If it performs suitably, then congratulations: you have a very fast, very interpretable classifier for your problem.
If it does not perform well, then you can begin exploring more sophisticated models, with some baseline knowledge of how well they should perform.
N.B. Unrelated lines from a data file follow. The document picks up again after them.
(* Let $\mathcal{Y}_n$ be a finite periodic box in $\tilde\varepsilon_n\mathbb{Z}\times\varepsilon_n\mathbb{Z}^3$ and $\mathcal{Y}_0\subset\mathcal{Y}_n$ a finite periodic box in $\mathbb{Z}\times\mathbb{Z}^3$. On $\mathbb{C}^{\mathcal{Y}_0}$ and $\mathbb{C}^{\mathcal{Y}_n}$ use the real bilinear forms $\langle f,g\rangle_0=\sum_{x\in\mathcal{Y}_0}f(x)g(x)$ and $\langle f,g\rangle_n=\tilde\varepsilon_n\varepsilon_n^3\sum_{u\in\mathcal{Y}_n}f(u)g(u)$; for pairs, $\langle [a;b],[c;d]\rangle=\langle a,c\rangle+\langle b,d\rangle$, and adjoints ${}^*$ are transposes with respect to these forms. Let $Q_n:\mathbb{C}^{\mathcal{Y}_n}\to\mathbb{C}^{\mathcal{Y}_0}$ be the map with $(Q_nf)(x)$ the average of $f$ over the box in $\mathcal{Y}_n$ of side $1$ centered at $x\in\mathcal{Y}_0$ (acting componentwise on pairs). Let $\Delta$ be the discrete Laplacian on $\mathcal{Y}_n$ and let $\partial_0$ be a time-derivative operator on $\mathbb{C}^{\mathcal{Y}_n}$ which is treated as a continuum derivative, i.e. $\partial_0^*=-\partial_0$. Let $d_n>0$, $\mu_n>0$, $v_n>0$, $r_n=\sqrt{\mu_n/v_n}$, and $$A_n(\psi_*,\psi,\phi_*,\phi)=\langle \psi_*-Q_n\phi_*,\psi-Q_n\phi\rangle_0+\langle\phi_*,(-d_n\partial_0-\Delta)\phi\rangle_n-\mu_n\langle\phi_*,\phi\rangle_n+\tfrac{v_n}{2}\langle\phi_*\phi,\phi_*\phi\rangle_n .$$ Define $$\square=\begin{bmatrix}2\mu_n-\Delta & i\,d_n\partial_0^*\\ i\,d_n\partial_0 & -\Delta\end{bmatrix}+Q_n^*Q_n .$$ For fields $R,\Theta\in\mathbb{C}^{\mathcal{Y}_0}$ set $\psi=r_ne^{R+i\Theta}$, $\psi_*=r_ne^{R-i\Theta}$, and let $X,H\in\mathbb{C}^{\mathcal{Y}_n}$ be given by $\begin{bmatrix}X\\H\end{bmatrix}=\square^{-1}Q_n^*\begin{bmatrix}R\\ \Theta\end{bmatrix}$, with $\phi=r_ne^{X+iH}$, $\phi_*=r_ne^{X-iH}$. Then $$\frac{1}{r_n^2}A_n(\psi_*,\psi,\phi_*,\phi)=\Big\langle\begin{bmatrix}R\\ \Theta\end{bmatrix},\big\{\mathbb{1}-Q_n\square^{-1}Q_n^*\big\}\begin{bmatrix}R\\ \Theta\end{bmatrix}\Big\rangle_0-\frac{r_n^2v_n}{2}\langle 1,1\rangle_n+O[3],$$ where $O[3]=O(X^3+R^3+H^3+\Theta^3)$ denotes terms of total degree at least three in the fields $R,\Theta,X,H$.
   Context: This is a model computation of the quadratic approximation of a simplified effective action near the bottom of the "Mexican hat" potential well, whose minima lie on the circle $|\phi|=r_n=\sqrt{\mu_n/v_n}$. The fields $R,X$ are "radial" and $\Theta,H$ "tangential" fluctuations; the defining relation for $(X,H)$ is the linearization (in $R,\Theta,X,H$) of the background field equations $Q_n^*(Q_n\phi-\psi)+D_n\phi+(v_n\phi_*\phi-\mu_n)\phi=0$, $Q_n^*(Q_n\phi_*-\psi_* )+D_n^*\phi_*+(v_n\phi_*\phi-\mu_n)\phi_*=0$ with $D_n=-d_n\partial_0-\Delta$. The convention $\partial_0^*=-\partial_0$ (pretending the forward difference $\partial_0$ is a continuum derivative) is a standing assumption of this computation. Products of fields such as $\phi_*\phi$ are pointwise. *)

theory Defs
  imports Complex_Main
begin
lemma add_continuous:
  fixes a :: 'm
  shows "chain_continuous nat_le ((+) a)" and "chain_continuous nat_le\<inverse>\<inverse> ((+) a)"
  using omega_bicontinuous by (simp_all add: omega_bicontinuous_module_def bicont_map_iff)

lemma act_continuous:
  shows "chain_continuous nat_le (act w)" and "chain_continuous nat_le\<inverse>\<inverse> (act w)"
  using omega_bicontinuous by (simp_all add: omega_bicontinuous_module_def bicont_map_iff)

lemma omega_cpo_nat_le: "omega_cpo (nat_le :: 'm \<Rightarrow> 'm \<Rightarrow> bool) 0"
proof
  show "\<exists>s. is_lub nat_le c s" if "ascending_chain nat_le c" for c :: "nat \<Rightarrow> 'm"
    using omega_bicontinuous that
    unfolding omega_bicontinuous_module_def inc_chain_def ascending_chain_def is_sup_range_iff
    by blast
qed (auto intro: nat_le_refl nat_le_trans nat_le_antisym nat_le_zero)

lemma omega_cpo_nat_le_converse:
  obtains t :: 'm where "omega_cpo nat_le\<inverse>\<inverse> t"
proof -
  obtain t :: 'm where "\<forall>a. nat_le a t"
    using omega_bicontinuous unfolding omega_bicontinuous_module_def by blast
  moreover have "\<exists>s. is_lub nat_le\<inverse>\<inverse> c s" if "ascending_chain nat_le\<inverse>\<inverse> c" for c :: "nat \<Rightarrow> 'm"
    using omega_bicontinuous that
    unfolding omega_bicontinuous_module_def dec_chain_def ascending_chain_def is_inf_range_iff
    by auto
  ultimately have "omega_cpo nat_le\<inverse>\<inverse> t"
    by unfold_locales (auto intro: nat_le_refl nat_le_trans nat_le_antisym)
  then show thesis by (rule that)
qed

end

section \<open>Weighting transformers\<close>

lemma guard_mult_add_complement:
  fixes g h :: "('v, 'a, 'm::monoid_add) weighting"
  shows "guard_mult \<phi> g \<sigma> + guard_mult (\<lambda>s. \<not> \<phi> s) h \<sigma> = (if \<phi> \<sigma> then g \<sigma> else h \<sigma>)"
  by (simp add: guard_mult_def)

lemma guard_mult_complement_add:
  fixes g h :: "('v, 'a, 'm::monoid_add) weighting"
  shows "guard_mult (\<lambda>s. \<not> \<phi> s) h \<sigma> + guard_mult \<phi> g \<sigma> = (if \<phi> \<sigma> then g \<sigma> else h \<sigma>)"
  by (simp add: guard_mult_def)

lemma wt_lfp_eq_least_fixp: "wt_lfp = least_fixp (rel_fun (=) nat_le)"
  by (simp add: fun_eq_iff wt_lfp_def least_fixp_def wt_le_def rel_fun_eq_rel)

lemma wt_gfp_eq_least_fixp: "wt_gfp = least_fixp (rel_fun (=) nat_le\<inverse>\<inverse>)"
  by (simp add: fun_eq_iff wt_gfp_def least_fixp_def wt_le_def rel_fun_eq_rel)

lemma wp_While:
  "wp act (While \<phi> C) f =
     least_fixp (rel_fun (=) nat_le) (\<lambda>X \<sigma>. if \<phi> \<sigma> then wp act C X \<sigma> else f \<sigma>)"
  by (simp add: guard_mult_complement_add wt_lfp_eq_least_fixp)

lemma wlp_While:
  "wlp act (While \<phi> C) f =
     least_fixp (rel_fun (=) nat_le\<inverse>\<inverse>) (\<lambda>X \<sigma>. if \<phi> \<sigma> then wlp act C X \<sigma> else f \<sigma>)"
  by (simp add: guard_mult_complement_add wt_gfp_eq_least_fixp)

fun wgcl_transformer ::
    "(('v, 'a, 'm) weighting \<Rightarrow> ('v, 'a, 'm) weighting \<Rightarrow> bool) \<Rightarrow> ('w \<Rightarrow> 'm::plus \<Rightarrow> 'm)
     \<Rightarrow> ('w, 'v, 'a) wgcl \<Rightarrow> ('v, 'a, 'm) weighting \<Rightarrow> ('v, 'a, 'm) weighting" where
  "wgcl_transformer le act (Assign x E) = (\<lambda>f \<sigma>. f (\<sigma>(x := E \<sigma>)))"
| "wgcl_transformer le act (Seq C1 C2) =
     (\<lambda>f. wgcl_transformer le act C1 (wgcl_transformer le act C2 f))"
| "wgcl_transformer le act (If \<phi> C1 C2) =
     (\<lambda>f \<sigma>. if \<phi> \<sigma> then wgcl_transformer le act C1 f \<sigma> else wgcl_transformer le act C2 f \<sigma>)"
| "wgcl_transformer le act (Branch C1 C2) =
     (\<lambda>f. wgcl_transformer le act C1 f + wgcl_transformer le act C2 f)"
| "wgcl_transformer le act (Weight w) = (\<lambda>f \<sigma>. act w (f \<sigma>))"
| "wgcl_transformer le act (While \<phi> C) =
     (\<lambda>f. least_fixp le (\<lambda>X \<sigma>. if \<phi> \<sigma> then wgcl_transformer le act C X \<sigma> else f \<sigma>))"

lemma wp_eq_wgcl_transformer: "wp act C = wgcl_transformer (rel_fun (=) nat_le) act C"
proof
  show "wp act C f = wgcl_transformer (rel_fun (=) nat_le) act C f" for f
    by (induction C arbitrary: f)
      (simp_all add: guard_mult_add_complement guard_mult_complement_add wt_lfp_eq_least_fixp
        plus_fun_def)
qed

lemma wlp_eq_wgcl_transformer: "wlp act C = wgcl_transformer (rel_fun (=) nat_le\<inverse>\<inverse>) act C"
proof
  show "wlp act C f = wgcl_transformer (rel_fun (=) nat_le\<inverse>\<inverse>) act C f" for f
    by (induction C arbitrary: f)
      (simp_all add: guard_mult_add_complement guard_mult_complement_add wt_gfp_eq_least_fixp
        plus_fun_def)
qed

lemma chain_continuous_wgcl_transformer:
  fixes R :: "'m::comm_monoid_add \<Rightarrow> 'm \<Rightarrow> bool"
  assumes cpo: "omega_cpo R b"
    and add: "\<And>a. chain_continuous R ((+) a)" and act: "\<And>w. chain_continuous R (act w)"
  shows "chain_continuous (rel_fun (=) R) (wgcl_transformer (rel_fun (=) R) act C)"
proof -
  interpret omega_cpo "rel_fun (=) R" "\<lambda>_. b"
    using cpo by (rule omega_cpo_rel_fun)
  have "reflp R"
    using cpo by (rule omega_cpo.reflp)
  show ?thesis
  proof (induction C)
    case (Assign x E)
    show ?case by (simp add: chain_continuous_precompose)
  next
    case (Seq C1 C2)
    then show ?case by (simp add: chain_continuous_comp)
  next
    case (If \<phi> C1 C2)
    then show ?case by (simp add: chain_continuous_select)
  next
    case (Branch C1 C2)
    then show ?case
      unfolding wgcl_transformer.simps
      by (rule chain_continuous_binop[OF chain_continuous_plus_fun[OF add]])
  next
    case (Weight w)
    show ?case using chain_continuous_pointwise[of R "\<lambda>_. act w", OF act] by simp
  next
    case (While \<phi> C)
    with \<open>reflp R\<close> show ?case
      by (simp add: chain_continuous_least_fixp chain_continuous_loop_body)
  qed
qed

context bicontinuous_module
begin

lemma wp_continuous: "chain_continuous (rel_fun (=) nat_le) (wp act C)"
  unfolding wp_eq_wgcl_transformer
  by (rule chain_continuous_wgcl_transformer[OF omega_cpo_nat_le add_continuous(1)
        act_continuous(1)])

lemma wlp_continuous: "chain_continuous (rel_fun (=) nat_le\<inverse>\<inverse>) (wlp act C)"
proof -
  obtain t :: 'm where "omega_cpo nat_le\<inverse>\<inverse> t"
    by (rule omega_cpo_nat_le_converse)
  then show ?thesis
    unfolding wlp_eq_wgcl_transformer
    by (rule chain_continuous_wgcl_transformer[OF _ add_continuous(2) act_continuous(2)])
qed

lemma wp_While_add:
  fixes C :: "('w, 'v, 'a) wgcl"
  assumes IH: "\<And>X Y. wp act C (X + Y) = wp act C X + wp act C Y"
  shows "wp act (While \<phi> C) (X + Y) = wp act (While \<phi> C) X + wp act (While \<phi> C) Y"
proof -
  interpret wp_cpo: omega_cpo "rel_fun (=) nat_le" "0 :: ('v, 'a, 'm) weighting"
    using omega_cpo_rel_fun[OF omega_cpo_nat_le] by (simp add: zero_fun_def)
  define H where "H Z = (\<lambda>X \<sigma>. if \<phi> \<sigma> then wp act C X \<sigma> else Z \<sigma>)" for Z
  have cont: "chain_continuous (rel_fun (=) nat_le) (H Z)" for Z
    unfolding H_def by (rule chain_continuous_loop_body(1)[OF nat_le_reflp wp_continuous])
  have "H (X + Y) (A + B) \<sigma> = (H X A + H Y B) \<sigma>" for A B \<sigma>
    using fun_cong[OF IH[of A B], of \<sigma>] by (simp add: H_def plus_fun_def)
  then have "H (X + Y) (A + B) = H X A + H Y B" for A B
    by (rule ext)
  then have iterates: "(H (X + Y) ^^ n) 0 = (H X ^^ n) 0 + (H Y ^^ n) 0" for n
    by (induction n) simp_all
  have "is_lub (rel_fun (=) nat_le) (\<lambda>n. (H X ^^ n) 0 + (H Y ^^ n) 0)
      (least_fixp (rel_fun (=) nat_le) (H X) + least_fixp (rel_fun (=) nat_le) (H Y))"
    by (rule wp_cpo.lub_diagonal[OF chain_continuous_plus_fun[OF add_continuous(1)]
          wp_cpo.iterates_chain[OF cont] wp_cpo.least_fixp_kleene(1)[OF cont]
          wp_cpo.iterates_chain[OF cont] wp_cpo.least_fixp_kleene(1)[OF cont]])
  with wp_cpo.least_fixp_kleene(1)[OF cont, of "X + Y"] show ?thesis
    unfolding wp_While H_def[symmetric] iterates by (rule wp_cpo.lub_unique)
qed

lemma wp_add:
  fixes C :: "('w, 'v, 'a) wgcl"
  shows "wp act C (X + Y) = wp act C X + wp act C Y"
proof (induction C arbitrary: X Y)
  case (Seq C1 C2)
  show ?case by (simp only: wp.simps Seq.IH)
next
  case (If \<phi> C1 C2)
  show ?case by (simp only: wp.simps If.IH) (simp add: fun_eq_iff guard_mult_def)
next
  case (Branch C1 C2)
  show ?case by (simp only: wp.simps Branch.IH) (simp add: fun_eq_iff ac_simps)
next
  case (While \<phi> C)
  show ?case by (rule wp_While_add[OF While.IH])
qed (simp_all add: fun_eq_iff act_add)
Naive Bayes classifiers tend to perform especially well in one of the following situations:

- When the naive assumptions actually match the data (very rare in practice)
- For very well-separated categories, when model complexity is less important
- For very high-dimensional data, when model complexity is less important

The last two points seem distinct, but they actually are related: as the dimension of a dataset grows, it is much less likely for any two points to be found close together (after all, they must be close in *every single dimension* to be close overall).
This means that clusters in high dimensions tend to be more separated, on average, than clusters in low dimensions, assuming the new dimensions actually add information.
For this reason, simplistic classifiers like naive Bayes tend to work as well or better than more complicated classifiers as the dimensionality grows: once you have enough data, even a simple model can be very powerful.